§ WORK REQUIRED
From the line with "A lab X n u" through the line with "n = image_mset", repeat the entries verbatim, both end lines included, and add nothing.
-=-=-
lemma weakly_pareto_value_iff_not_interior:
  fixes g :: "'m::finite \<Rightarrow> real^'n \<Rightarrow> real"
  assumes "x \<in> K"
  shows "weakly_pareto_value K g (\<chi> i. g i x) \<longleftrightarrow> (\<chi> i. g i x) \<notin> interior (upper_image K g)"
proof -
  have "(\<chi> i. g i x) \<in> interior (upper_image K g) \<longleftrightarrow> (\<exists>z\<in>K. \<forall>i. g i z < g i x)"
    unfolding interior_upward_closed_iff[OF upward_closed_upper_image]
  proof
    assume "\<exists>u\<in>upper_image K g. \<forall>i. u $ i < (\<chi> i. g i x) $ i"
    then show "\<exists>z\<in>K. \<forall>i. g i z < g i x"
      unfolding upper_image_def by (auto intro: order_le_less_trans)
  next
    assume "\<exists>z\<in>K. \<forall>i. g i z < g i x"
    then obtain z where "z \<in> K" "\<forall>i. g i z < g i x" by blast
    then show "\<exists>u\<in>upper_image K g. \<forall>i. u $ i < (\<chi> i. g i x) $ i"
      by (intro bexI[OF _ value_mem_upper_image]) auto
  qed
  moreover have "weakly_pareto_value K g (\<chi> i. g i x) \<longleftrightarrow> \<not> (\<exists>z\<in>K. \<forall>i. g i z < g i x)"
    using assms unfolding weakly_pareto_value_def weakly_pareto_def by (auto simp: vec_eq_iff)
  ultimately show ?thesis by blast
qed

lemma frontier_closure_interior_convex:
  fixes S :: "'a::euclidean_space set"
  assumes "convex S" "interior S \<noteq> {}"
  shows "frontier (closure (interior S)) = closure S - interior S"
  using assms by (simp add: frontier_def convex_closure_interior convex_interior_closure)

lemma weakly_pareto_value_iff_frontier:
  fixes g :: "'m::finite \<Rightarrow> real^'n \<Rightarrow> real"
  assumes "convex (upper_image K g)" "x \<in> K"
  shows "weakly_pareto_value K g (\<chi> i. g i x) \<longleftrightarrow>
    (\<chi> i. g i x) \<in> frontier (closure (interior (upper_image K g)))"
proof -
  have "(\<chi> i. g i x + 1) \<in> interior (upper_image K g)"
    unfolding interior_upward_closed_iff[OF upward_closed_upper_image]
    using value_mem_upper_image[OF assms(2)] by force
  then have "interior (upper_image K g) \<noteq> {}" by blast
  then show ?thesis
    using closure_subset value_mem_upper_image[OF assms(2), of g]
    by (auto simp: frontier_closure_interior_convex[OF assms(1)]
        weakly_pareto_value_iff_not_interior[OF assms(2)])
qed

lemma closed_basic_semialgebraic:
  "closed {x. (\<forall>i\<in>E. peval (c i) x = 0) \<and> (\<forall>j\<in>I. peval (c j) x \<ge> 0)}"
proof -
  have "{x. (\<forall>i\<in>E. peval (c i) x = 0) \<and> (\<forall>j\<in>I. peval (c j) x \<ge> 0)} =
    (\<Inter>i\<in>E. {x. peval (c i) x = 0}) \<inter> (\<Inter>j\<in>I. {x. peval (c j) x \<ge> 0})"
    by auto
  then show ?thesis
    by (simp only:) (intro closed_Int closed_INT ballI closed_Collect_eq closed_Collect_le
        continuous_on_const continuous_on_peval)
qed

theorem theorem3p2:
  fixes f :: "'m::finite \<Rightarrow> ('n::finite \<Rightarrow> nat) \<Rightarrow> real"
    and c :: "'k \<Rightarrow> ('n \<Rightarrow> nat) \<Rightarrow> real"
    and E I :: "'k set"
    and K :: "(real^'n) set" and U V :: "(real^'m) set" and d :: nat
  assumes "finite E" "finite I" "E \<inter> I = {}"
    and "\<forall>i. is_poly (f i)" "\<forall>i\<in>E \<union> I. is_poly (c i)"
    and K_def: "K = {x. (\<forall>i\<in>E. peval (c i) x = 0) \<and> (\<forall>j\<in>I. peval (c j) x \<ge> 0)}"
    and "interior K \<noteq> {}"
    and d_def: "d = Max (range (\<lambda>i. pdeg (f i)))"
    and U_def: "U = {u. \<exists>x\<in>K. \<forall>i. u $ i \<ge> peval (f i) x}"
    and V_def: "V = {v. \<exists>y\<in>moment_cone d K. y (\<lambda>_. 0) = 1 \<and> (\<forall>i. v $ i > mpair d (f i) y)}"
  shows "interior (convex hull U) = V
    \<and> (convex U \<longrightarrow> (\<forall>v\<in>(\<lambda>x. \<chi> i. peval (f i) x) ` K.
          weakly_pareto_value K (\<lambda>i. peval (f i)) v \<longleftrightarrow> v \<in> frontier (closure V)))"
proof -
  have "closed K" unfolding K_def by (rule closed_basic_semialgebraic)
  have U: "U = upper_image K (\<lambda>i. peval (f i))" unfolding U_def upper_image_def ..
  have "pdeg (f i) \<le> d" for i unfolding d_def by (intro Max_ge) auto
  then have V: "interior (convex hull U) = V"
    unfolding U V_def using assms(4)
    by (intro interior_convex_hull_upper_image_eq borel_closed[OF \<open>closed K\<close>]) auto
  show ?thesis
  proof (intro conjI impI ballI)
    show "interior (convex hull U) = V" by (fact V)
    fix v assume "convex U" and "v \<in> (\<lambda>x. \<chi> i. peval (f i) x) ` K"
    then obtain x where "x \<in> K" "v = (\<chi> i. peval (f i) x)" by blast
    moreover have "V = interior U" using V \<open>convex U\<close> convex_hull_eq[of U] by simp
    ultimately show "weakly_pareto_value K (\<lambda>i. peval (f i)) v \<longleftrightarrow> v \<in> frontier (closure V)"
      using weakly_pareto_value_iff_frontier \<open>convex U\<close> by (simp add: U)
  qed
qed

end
-=-=-
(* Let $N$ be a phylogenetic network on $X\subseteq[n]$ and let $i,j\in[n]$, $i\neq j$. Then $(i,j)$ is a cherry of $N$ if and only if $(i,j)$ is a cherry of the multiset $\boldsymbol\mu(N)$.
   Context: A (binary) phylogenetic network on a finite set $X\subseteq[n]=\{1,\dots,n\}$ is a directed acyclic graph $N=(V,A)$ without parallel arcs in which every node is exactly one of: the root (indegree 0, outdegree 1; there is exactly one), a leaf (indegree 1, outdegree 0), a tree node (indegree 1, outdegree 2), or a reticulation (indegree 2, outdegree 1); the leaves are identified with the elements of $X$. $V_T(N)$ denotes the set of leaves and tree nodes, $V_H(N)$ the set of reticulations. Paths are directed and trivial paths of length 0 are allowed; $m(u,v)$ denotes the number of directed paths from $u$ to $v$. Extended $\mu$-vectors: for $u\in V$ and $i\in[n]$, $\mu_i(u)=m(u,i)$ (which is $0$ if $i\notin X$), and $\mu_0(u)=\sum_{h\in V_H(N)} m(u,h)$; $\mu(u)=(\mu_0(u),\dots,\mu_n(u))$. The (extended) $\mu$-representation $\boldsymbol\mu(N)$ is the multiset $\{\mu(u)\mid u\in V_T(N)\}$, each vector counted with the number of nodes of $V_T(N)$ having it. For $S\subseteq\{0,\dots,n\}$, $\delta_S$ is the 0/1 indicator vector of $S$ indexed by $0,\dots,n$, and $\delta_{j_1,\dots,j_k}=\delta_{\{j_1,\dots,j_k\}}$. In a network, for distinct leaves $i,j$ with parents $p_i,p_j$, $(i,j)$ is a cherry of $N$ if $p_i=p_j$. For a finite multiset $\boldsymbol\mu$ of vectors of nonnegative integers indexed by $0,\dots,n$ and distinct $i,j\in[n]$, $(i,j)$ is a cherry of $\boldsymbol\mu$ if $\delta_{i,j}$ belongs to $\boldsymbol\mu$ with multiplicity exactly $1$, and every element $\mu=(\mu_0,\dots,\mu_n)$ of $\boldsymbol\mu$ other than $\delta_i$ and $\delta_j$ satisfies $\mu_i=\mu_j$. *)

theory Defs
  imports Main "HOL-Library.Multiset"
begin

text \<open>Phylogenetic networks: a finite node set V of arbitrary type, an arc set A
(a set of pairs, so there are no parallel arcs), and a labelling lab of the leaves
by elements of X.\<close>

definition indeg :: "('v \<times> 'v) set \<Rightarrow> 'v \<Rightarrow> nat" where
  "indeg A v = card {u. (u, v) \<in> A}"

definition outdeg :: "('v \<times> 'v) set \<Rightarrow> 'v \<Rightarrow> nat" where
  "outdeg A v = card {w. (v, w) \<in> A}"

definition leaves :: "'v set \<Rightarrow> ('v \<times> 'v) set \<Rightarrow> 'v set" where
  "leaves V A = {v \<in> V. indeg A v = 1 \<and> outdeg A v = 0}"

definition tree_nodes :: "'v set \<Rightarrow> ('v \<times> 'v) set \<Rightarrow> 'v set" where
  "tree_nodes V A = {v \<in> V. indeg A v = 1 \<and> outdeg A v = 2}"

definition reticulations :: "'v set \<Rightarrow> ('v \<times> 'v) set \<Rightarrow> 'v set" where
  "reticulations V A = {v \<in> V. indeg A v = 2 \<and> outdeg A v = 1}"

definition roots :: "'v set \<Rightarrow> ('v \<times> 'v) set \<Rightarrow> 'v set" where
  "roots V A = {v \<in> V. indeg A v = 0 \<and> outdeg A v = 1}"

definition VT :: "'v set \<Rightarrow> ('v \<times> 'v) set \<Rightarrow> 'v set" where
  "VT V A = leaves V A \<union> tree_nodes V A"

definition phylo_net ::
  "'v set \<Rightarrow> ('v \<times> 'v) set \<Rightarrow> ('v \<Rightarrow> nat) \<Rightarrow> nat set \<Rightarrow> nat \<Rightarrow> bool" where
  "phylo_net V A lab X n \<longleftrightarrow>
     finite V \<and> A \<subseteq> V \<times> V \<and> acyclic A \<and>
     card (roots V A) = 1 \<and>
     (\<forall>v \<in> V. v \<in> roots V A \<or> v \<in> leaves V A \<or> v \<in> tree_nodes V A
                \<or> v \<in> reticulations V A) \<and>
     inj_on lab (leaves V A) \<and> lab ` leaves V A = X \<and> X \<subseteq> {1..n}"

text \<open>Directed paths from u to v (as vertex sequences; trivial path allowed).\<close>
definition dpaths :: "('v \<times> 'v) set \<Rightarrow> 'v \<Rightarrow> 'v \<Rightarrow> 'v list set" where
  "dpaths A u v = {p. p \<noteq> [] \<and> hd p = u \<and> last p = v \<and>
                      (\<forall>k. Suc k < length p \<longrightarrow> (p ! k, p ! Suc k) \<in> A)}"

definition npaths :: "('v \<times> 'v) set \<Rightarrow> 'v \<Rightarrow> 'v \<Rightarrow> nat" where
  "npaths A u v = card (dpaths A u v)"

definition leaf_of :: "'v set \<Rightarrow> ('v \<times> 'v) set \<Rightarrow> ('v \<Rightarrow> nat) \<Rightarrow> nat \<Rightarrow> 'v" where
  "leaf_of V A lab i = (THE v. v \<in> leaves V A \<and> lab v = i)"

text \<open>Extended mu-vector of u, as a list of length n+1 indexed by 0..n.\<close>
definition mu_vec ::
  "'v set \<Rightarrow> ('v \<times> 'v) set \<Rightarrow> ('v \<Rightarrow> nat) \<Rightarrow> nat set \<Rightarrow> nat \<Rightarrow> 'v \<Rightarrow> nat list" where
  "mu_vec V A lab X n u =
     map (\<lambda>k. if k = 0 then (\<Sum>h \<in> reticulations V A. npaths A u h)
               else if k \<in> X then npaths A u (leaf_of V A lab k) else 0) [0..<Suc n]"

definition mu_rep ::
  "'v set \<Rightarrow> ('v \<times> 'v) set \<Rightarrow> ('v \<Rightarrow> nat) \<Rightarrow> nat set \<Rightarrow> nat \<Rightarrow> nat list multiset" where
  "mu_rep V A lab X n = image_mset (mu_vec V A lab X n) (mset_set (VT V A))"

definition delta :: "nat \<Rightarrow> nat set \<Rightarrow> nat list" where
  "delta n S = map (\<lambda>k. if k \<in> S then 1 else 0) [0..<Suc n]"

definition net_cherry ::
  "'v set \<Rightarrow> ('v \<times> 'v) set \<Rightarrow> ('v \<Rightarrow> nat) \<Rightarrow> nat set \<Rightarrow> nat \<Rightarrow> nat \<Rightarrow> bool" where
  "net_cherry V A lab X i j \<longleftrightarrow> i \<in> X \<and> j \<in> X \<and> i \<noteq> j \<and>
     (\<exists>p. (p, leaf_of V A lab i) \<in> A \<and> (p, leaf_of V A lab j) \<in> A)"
-=-=-
§ WORKED SOLUTION
  "mu_vec V A lab X n u =
     map (\<lambda>k. if k = 0 then (\<Sum>h \<in> reticulations V A. npaths A u h)
               else if k \<in> X then npaths A u (leaf_of V A lab k) else 0) [0..<Suc n]"

definition mu_rep ::
  "'v set \<Rightarrow> ('v \<times> 'v) set \<Rightarrow> ('v \<Rightarrow> nat) \<Rightarrow> nat set \<Rightarrow> nat \<Rightarrow> nat list multiset" where
  "mu_rep V A lab X n = image_mset (mu_vec V A lab X n) (mset_set (VT V A))"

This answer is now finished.